How will you plan for a comfortable retirement that may very well be longer than you anticipate and not outlive your money?

Hidden Obstacles

Let me ask you, what would you do if you knew for certain that the advice you’ve been given over the last 30 years no longer worked?

You might search for better solutions. But you might miss civilization-changing opportunities born out of our retirement-security crisis if you’re locked into the investment rules of yesterday the myths of today.

These investment myths are pernicious.

Even in the face of vast contrary evidence, many wealthy Americans, perhaps like you, are clinging to advise that tells you to stay the course, don’t panic, you’re doing everything right, the market will bounce back always does.

Perhaps these words are coming from advisors that you’ve trusted for years, professionals who you believe are attentively watching and managing your wealth.

Nothing could be further from the truth.

These myths, which may have worked in the past, conveniently support the fee and commission generating structures of major brokerage firms, mutual fund companies, discount brokerage firms, and fee-only investment advisors. These myths work well to support advisors and their firms but might not support you as you try to prepare for a successful and comfortable retirement.

Myths, Half-Truths, and Lies.

Putting all (or substantially all) of your wealth into the market (using individual stocks, bonds, or mutual funds) is the best way to prepare for your retirement.
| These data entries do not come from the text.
lemma sg_divides_trans [trans]:
  assumes "sg_divides U V" "sg_divides V W" shows "sg_divides U W"
proof -
  obtain W1 h where W1: "W1 \<subseteq> fst V" "W1 \<noteq> {}" "\<forall>x\<in>W1. \<forall>y\<in>W1. snd V x y \<in> W1"
     "hom_on W1 (snd V) (fst U) (snd U) h" "h ` W1 = fst U"
    using assms(1) unfolding sg_divides_def by blast
  obtain W2 g where W2: "W2 \<subseteq> fst W" "W2 \<noteq> {}" "\<forall>x\<in>W2. \<forall>y\<in>W2. snd W x y \<in> W2"
     "hom_on W2 (snd W) (fst V) (snd V) g" "g ` W2 = fst V"
    using assms(2) unfolding sg_divides_def by blast
  let ?W = "{x\<in>W2. g x \<in> W1}"
  have gW: "g ` ?W = W1" using W1(1) W2(5) by auto
  show ?thesis unfolding sg_divides_def
  proof (intro exI[of _ ?W] exI[of _ "h \<circ> g"] conjI)
    show "?W \<subseteq> fst W" using W2 by auto
    show "?W \<noteq> {}" using gW W1(2) by auto
    show "\<forall>x\<in>?W. \<forall>y\<in>?W. snd W x y \<in> ?W"
      using W2(3,4) W1(3) unfolding hom_on_def by auto
    show "hom_on ?W (snd W) (fst U) (snd U) (h \<circ> g)"
      using W2(3,4) W1(3,4) unfolding hom_on_def by auto
    show "(h \<circ> g) ` ?W = fst U" using gW W1(5) by (metis image_comp)
  qed
qed

lemma sg_divides_sg_power:
  assumes "sg_divides U V" shows "sg_divides (sg_power n U) (sg_power n V)"
proof -
  obtain W1 h where W1: "W1 \<subseteq> fst V" "W1 \<noteq> {}" "\<forall>x\<in>W1. \<forall>y\<in>W1. snd V x y \<in> W1"
     "hom_on W1 (snd V) (fst U) (snd U) h" "h ` W1 = fst U"
    using assms unfolding sg_divides_def by blast
  let ?W = "PiE {..<n} (\<lambda>_. W1)"
  let ?H = "\<lambda>f. \<lambda>i\<in>{..<n}. h (f i)"
  have onto: "PiE {..<n} (\<lambda>_. fst U) \<subseteq> ?H ` ?W"
  proof
    fix F assume F: "F \<in> PiE {..<n} (\<lambda>_. fst U)"
    let ?f = "\<lambda>i\<in>{..<n}. inv_into W1 h (F i)"
    have "?f \<in> ?W" and "F = ?H ?f"
      using F W1(5) by (auto simp: inv_into_into f_inv_into_f PiE_iff extensional_def)
    then show "F \<in> ?H ` ?W" using image_eqI[of F ?H ?f ?W] by simp
  qed
  show ?thesis unfolding sg_divides_def sg_power_def fst_conv snd_conv
  proof (intro exI[of _ ?W] exI[of _ ?H] conjI)
    show "?W \<subseteq> PiE {..<n} (\<lambda>_. fst V)" using W1(1) by (auto intro: PiE_mono)
    show "?W \<noteq> {}" using W1(2) by (simp add: PiE_eq_empty_iff)
    show "\<forall>x\<in>?W. \<forall>y\<in>?W. (\<lambda>i\<in>{..<n}. snd V (x i) (y i)) \<in> ?W"
      using W1(3) by auto
    show "hom_on ?W (\<lambda>f g. \<lambda>i\<in>{..<n}. snd V (f i) (g i)) (PiE {..<n} (\<lambda>_. fst U))
          (\<lambda>f g. \<lambda>i\<in>{..<n}. snd U (f i) (g i)) ?H"
      using W1(4) unfolding hom_on_def by (auto simp: PiE_iff fun_eq_iff)
    show "?H ` ?W = PiE {..<n} (\<lambda>_. fst U)" using onto W1(5) by fastforce
  qed
qed

lemma sg_divides_sg_power_le:
  assumes "k \<le> l" and "magma V"
  shows "sg_divides (sg_power k V) (sg_power l V)"
proof -
  obtain v where v: "v \<in> fst V" using assms(2) unfolding magma_def by blast
  have cl: "\<forall>x\<in>fst V. \<forall>y\<in>fst V. snd V x y \<in> fst V" using assms(2) unfolding magma_def by blast
  let ?W = "PiE {..<l} (\<lambda>_. fst V)"
  let ?h = "\<lambda>f. restrict f {..<k}"
  have restr: "{..<l} \<inter> {..<k} = {..<k}" using assms(1) by auto
  have onto: "PiE {..<k} (\<lambda>_. fst V) \<subseteq> ?h ` ?W"
  proof
    fix F assume F: "F \<in> PiE {..<k} (\<lambda>_. fst V)"
    let ?f = "\<lambda>i\<in>{..<l}. if i < k then F i else v"
    have "?f \<in> ?W" using F v by (simp add: PiE_iff)
    moreover have "F = ?h ?f"
      using F restr by (auto simp: PiE_iff extensional_def fun_eq_iff)
    ultimately show "F \<in> ?h ` ?W" using image_eqI[of F ?h ?f ?W] by simp
  qed
  show ?thesis unfolding sg_divides_def sg_power_def fst_conv snd_conv
  proof (intro exI[of _ ?W] exI[of _ ?h] conjI)
    show "?W \<noteq> {}" using v by (auto simp: PiE_eq_empty_iff)
    show "\<forall>x\<in>?W. \<forall>y\<in>?W. (\<lambda>i\<in>{..<l}. snd V (x i) (y i)) \<in> ?W"
      using cl by auto
    show "hom_on ?W (\<lambda>f g. \<lambda>i\<in>{..<l}. snd V (f i) (g i)) (PiE {..<k} (\<lambda>_. fst V))
          (\<lambda>f g. \<lambda>i\<in>{..<k}. snd V (f i) (g i)) ?h"
      unfolding hom_on_def using assms(1) cl by (auto simp: restrict_def fun_eq_iff PiE_iff extensional_def)
    show "?h ` ?W = PiE {..<k} (\<lambda>_. fst V)" using onto assms(1) by fastforce
  qed simp
qed

lemma sg_divides_sg_power_mult:
  assumes "magma V"
  shows "sg_divides (sg_power n (sg_power k V)) (sg_power (n * k) V)"
proof -
  have cl: "\<forall>x\<in>fst V. \<forall>y\<in>fst V. snd V x y \<in> fst V" using assms unfolding magma_def by blast
  let ?W = "PiE {..<n * k} (\<lambda>_. fst V)"
  let ?H = "\<lambda>f. \<lambda>i\<in>{..<n}. \<lambda>j\<in>{..<k}. f (i * k + j)"
  have index: "i * k + j < n * k" if "i < n" "j < k" for i j
  proof -
    have "i * k + j < Suc i * k" using that(2) by simp
    also have "\<dots> \<le> n * k" using that(1) by (intro mult_right_mono) auto
    finally show ?thesis .
  qed
  have onto: "PiE {..<n} (\<lambda>_. PiE {..<k} (\<lambda>_. fst V)) \<subseteq> ?H ` ?W"
  proof
    fix F assume F: "F \<in> PiE {..<n} (\<lambda>_. PiE {..<k} (\<lambda>_. fst V))"
    let ?f = "\<lambda>p\<in>{..<n * k}. F (p div k) (p mod k)"
    have "p div k < n" "p mod k < k" if p: "p < n * k" for p
    proof -
      have "0 < k" using p by (cases k) auto
      then show "p div k < n" "p mod k < k" using p by (simp_all add: div_less_iff_less_mult)
    qed
    then have "?f \<in> ?W" using F by auto
    moreover have "F = ?H ?f"
      using F index by (auto simp: fun_eq_iff PiE_iff extensional_def)
    ultimately show "F \<in> ?H ` ?W" using image_eqI[of F ?H ?f ?W] by simp
  qed
  show ?thesis unfolding sg_divides_def sg_power_def fst_conv snd_conv
  proof (intro exI[of _ ?W] exI[of _ ?H] conjI)
    show "?W \<noteq> {}" using assms unfolding magma_def by (auto simp: PiE_eq_empty_iff)
    show "\<forall>x\<in>?W. \<forall>y\<in>?W. (\<lambda>i\<in>{..<n * k}. snd V (x i) (y i)) \<in> ?W"
      using cl by auto
    show "hom_on ?W (\<lambda>f g. \<lambda>i\<in>{..<n * k}. snd V (f i) (g i)) (PiE {..<n} (\<lambda>_. PiE {..<k} (\<lambda>_. fst V)))
          (\<lambda>f g. \<lambda>i\<in>{..<n}. (\<lambda>f g. \<lambda>i\<in>{..<k}. snd V (f i) (g i)) (f i) (g i)) ?H"
      unfolding hom_on_def using index by (auto simp: fun_eq_iff)
    show "?H ` ?W = PiE {..<n} (\<lambda>_. PiE {..<k} (\<lambda>_. fst V))" using onto index by fastforce
  qed simp
qed

lemma pv_mem_if_sg_divides:
  assumes "sg_divides A B" and "pv_mem U A"
  shows "pv_mem U B"
proof -
  obtain n where "n \<ge> 1" and U: "sg_divides U (sg_power n A)"
    and "semigroup_on (fst U) (snd U)"
    using assms(2) unfolding pv_mem_def by blast
  note U
  also have "sg_divides (sg_power n A) (sg_power n B)"
    using assms(1) by (rule sg_divides_sg_power)
  finally show ?thesis using \<open>n \<ge> 1\<close> \<open>semigroup_on (fst U) (snd U)\<close>
    unfolding pv_mem_def by blast
qed

lemma pv_mem_of_sg_power:
  assumes "magma B" and "pv_mem U (sg_power k B)"
  shows "pv_mem U B"
proof -
  obtain n where U: "sg_divides U (sg_power n (sg_power k B))"
    and "semigroup_on (fst U) (snd U)"
    using assms(2) unfolding pv_mem_def by blast
  note U
  also have "sg_divides (sg_power n (sg_power k B)) (sg_power (n * k) B)"
    using assms(1) by (rule sg_divides_sg_power_mult)
  also have "sg_divides (sg_power (n * k) B) (sg_power (max 1 (n * k)) B)"
    using assms(1) by (intro sg_divides_sg_power_le) auto
  finally show ?thesis using \<open>semigroup_on (fst U) (snd U)\<close>
    unfolding pv_mem_def by (metis max.cobounded1)
qed

lemma sg_divides_if_injective_relation:
  assumes dom: "\<And>a w. R a w \<Longrightarrow> a \<in> fst U \<and> w \<in> fst V"
    and total: "\<And>a. a \<in> fst U \<Longrightarrow> \<exists>w. R a w"
    and mult: "\<And>a b v w. R a v \<Longrightarrow> R b w \<Longrightarrow> R (snd U a b) (snd V v w)"
    and inj: "\<And>a b w. R a w \<Longrightarrow> R b w \<Longrightarrow> a = b"
    and "fst U \<noteq> {}"
  shows "sg_divides U V"
proof -
  define W where "W = {w. \<exists>a. R a w}"
  define h where "h w = (THE a. R a w)" for w
  have h: "h w = a" if "R a w" for a w
    unfolding h_def using that inj by blast
  show ?thesis unfolding sg_divides_def
  proof (intro exI[of _ W] exI[of _ h] conjI)
    show "W \<subseteq> fst V" using dom unfolding W_def by blast
    show "W \<noteq> {}" using \<open>fst U \<noteq> {}\<close> total unfolding W_def by blast
    show "\<forall>v\<in>W. \<forall>w\<in>W. snd V v w \<in> W" using mult unfolding W_def by blast
    show "hom_on W (snd V) (fst U) (snd U) h"
      unfolding hom_on_def W_def using dom mult h by fastforce
    show "h ` W = fst U" using dom total h unfolding W_def by blast
  qed
qed

section \<open>Transformation semigroups with constant maps\<close>

abbreviation act_map :: "'x set \<Rightarrow> ('x \<Rightarrow> 'a \<Rightarrow> 'x) \<Rightarrow> 'a \<Rightarrow> 'x \<Rightarrow> 'x" where
  "act_map X act s \<equiv> \<lambda>x\<in>X. act x s"

abbreviation const_map :: "'x set \<Rightarrow> 'x \<Rightarrow> 'x \<Rightarrow> 'x" where
  "const_map X c \<equiv> \<lambda>x\<in>X. c"

lemma comp_on_act_map:
  assumes "faithful_action X act S m" "s \<in> S" "t \<in> S"
  shows "comp_on X (act_map X act s) (act_map X act t) = act_map X act (m s t)"
  using assms unfolding faithful_action_def comp_on_def by (auto simp: fun_eq_iff)

lemma comp_on_act_map_const_map:
  assumes "faithful_action X act S m" "s \<in> S"
  shows "comp_on X (act_map X act s) (const_map X c) = const_map X c"
  using assms unfolding faithful_action_def comp_on_def by (auto simp: fun_eq_iff)

lemma comp_on_const_map_act_map:
  "c \<in> X \<Longrightarrow> comp_on X (const_map X c) (act_map X act t) = const_map X (act c t)"
  unfolding comp_on_def by (auto simp: fun_eq_iff)

lemma comp_on_const_map:
  "c \<in> X \<Longrightarrow> comp_on X (const_map X c) (const_map X d) = const_map X d"
  unfolding comp_on_def by (auto simp: fun_eq_iff)

lemma magma_with_consts:
  assumes sg: "semigroup_on S m" and act: "faithful_action X act S m"
  shows "magma (with_consts X act S)"
proof -
  have closed: "\<forall>x\<in>X. \<forall>s\<in>S. act x s \<in> X" using act unfolding faithful_action_def by blast
  have "comp_on X f g \<in> maps_of X act S \<union> consts_on X"
    if "f \<in> maps_of X act S \<union> consts_on X" "g \<in> maps_of X act S \<union> consts_on X" for f g
  proof -
    from that consider
        (maps) s t where "s \<in> S" "t \<in> S" "f = act_map X act s" "g = act_map X act t"
      | (map_const) s d where "s \<in> S" "d \<in> X" "f = act_map X act s" "g = const_map X d"
      | (const_act) c t where "c \<in> X" "t \<in> S" "f = const_map X c" "g = act_map X act t"
      | (const_const) c d where "c \<in> X" "d \<in> X" "f = const_map X c" "g = const_map X d"
      unfolding maps_of_def consts_on_def by blast
    then show ?thesis
    proof cases
      case maps
      moreover have "m s t \<in> S" using maps sg unfolding semigroup_on_def by blast
      ultimately show ?thesis by (simp add: comp_on_act_map[OF act] maps_of_def)
    next
      case map_const
      then show ?thesis by (simp add: comp_on_act_map_const_map[OF act] consts_on_def)
    next
      case const_act
      then show ?thesis using closed by (simp add: comp_on_const_map_act_map consts_on_def)
    next
      case const_const
      then show ?thesis by (simp add: comp_on_const_map consts_on_def)
    qed
  qed
  moreover have "maps_of X act S \<noteq> {}"
    using sg unfolding maps_of_def semigroup_on_def by blast
  ultimately show ?thesis unfolding magma_def with_consts_def by auto
qed

lemma with_consts_extensional: "fst (with_consts X act S) \<subseteq> extensional X"
  unfolding with_consts_def maps_of_def consts_on_def by auto

lemma faithful_action_rmult:
  assumes sg: "semigroup_on S m"
  shows "faithful_action (Sdot S m) (rmult m) S m"
  unfolding faithful_action_def
proof (intro conjI ballI impI)
  fix y s assume "y \<in> Sdot S m" "s \<in> S"
  then show "rmult m y s \<in> Sdot S m"
    using sg by (auto simp: Sdot_def rmult_def semigroup_on_def split: if_splits)
next
  fix y s t assume "y \<in> Sdot S m" "s \<in> S" "t \<in> S"
  then show "rmult m y (m s t) = rmult m (rmult m y s) t"
    using sg by (auto simp: Sdot_def rmult_def semigroup_on_def split: if_splits)
next
  fix s t assume s: "s \<in> S" and t: "t \<in> S" and eq: "\<forall>y\<in>Sdot S m. rmult m y s = rmult m y t"
  obtain y where "y \<in> Sdot S m" "\<forall>u\<in>S. rmult m y u = Some u"
  proof (cases "is_monoid_on S m")
    case True
    then obtain e where "e \<in> S" "\<forall>u\<in>S. m e u = u" unfolding is_monoid_on_def by blast
    then show ?thesis using that[of "Some e"] True by (simp add: Sdot_def rmult_def)
  next
    case False
    then show ?thesis using that[of None] by (simp add: Sdot_def rmult_def)
  qed
  then show "s = t" using eq s t by force
qed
Maybe but then again, maybe not.

Do you want your family’s retirement to depend upon hoping that the markets do well in the future? I would.

A well-diversified portfolio of mutual funds or stocks will reduce your risk (while one fund goes down the others go up) and provide a conservative path to and through your retirement.

Not really true. In 2000, 2001, 2002 and then again in 2008 and 2009 we saw everything go down.

Adding bonds to your portfolio (as you approach retirement) will reduce your risk of losing money.

Not now, the next time interest rates start to go up again virtually all bond portfolios will suffer substantial losses in value.

You can use and depend upon a mutual fund portfolio to provide you income during retirement and never really worry about running out of money.

That is absolutely false. We will be discussing a real-life couple, Mark and Cathy, who suffered tremendously from this myth.

Don’t worry, you have a conservative portfolio and besides, I am watching it closely.

Wrong, wrong, and wrong.

Your fees are negligible.

Really? How is it that your brokerage firm, mutual fund company, or discount brokerage firm can afford the rent on a nationwide complex of offices, staff, and massive amounts of advertising?

Everyone out there is so incompetent/dishonest that I am better off managing my own portfolio (I’ve made a lot of money in my life, I’m a smart guy, all I need to do is use the Internet to figure this out.)

I’m a pretty smart and successful guy too, but I would never dream of learning brain surgery on my own. That’s not where my unique ability lies.

We’ve been in business for 100, 150, or 200 years, so we really know how to help you manage your money and we are here for you.

In the last few years, we have seen major Wall Street firms such as Merrill Lynch, Smith Barney, Hartford, and others so mismanage their own money and risk that they needed to be bailed out and merged with other firms just to stay alive. How many firms and advisors actually protected their clients during the crashes of 2000 and 2008? Did yours?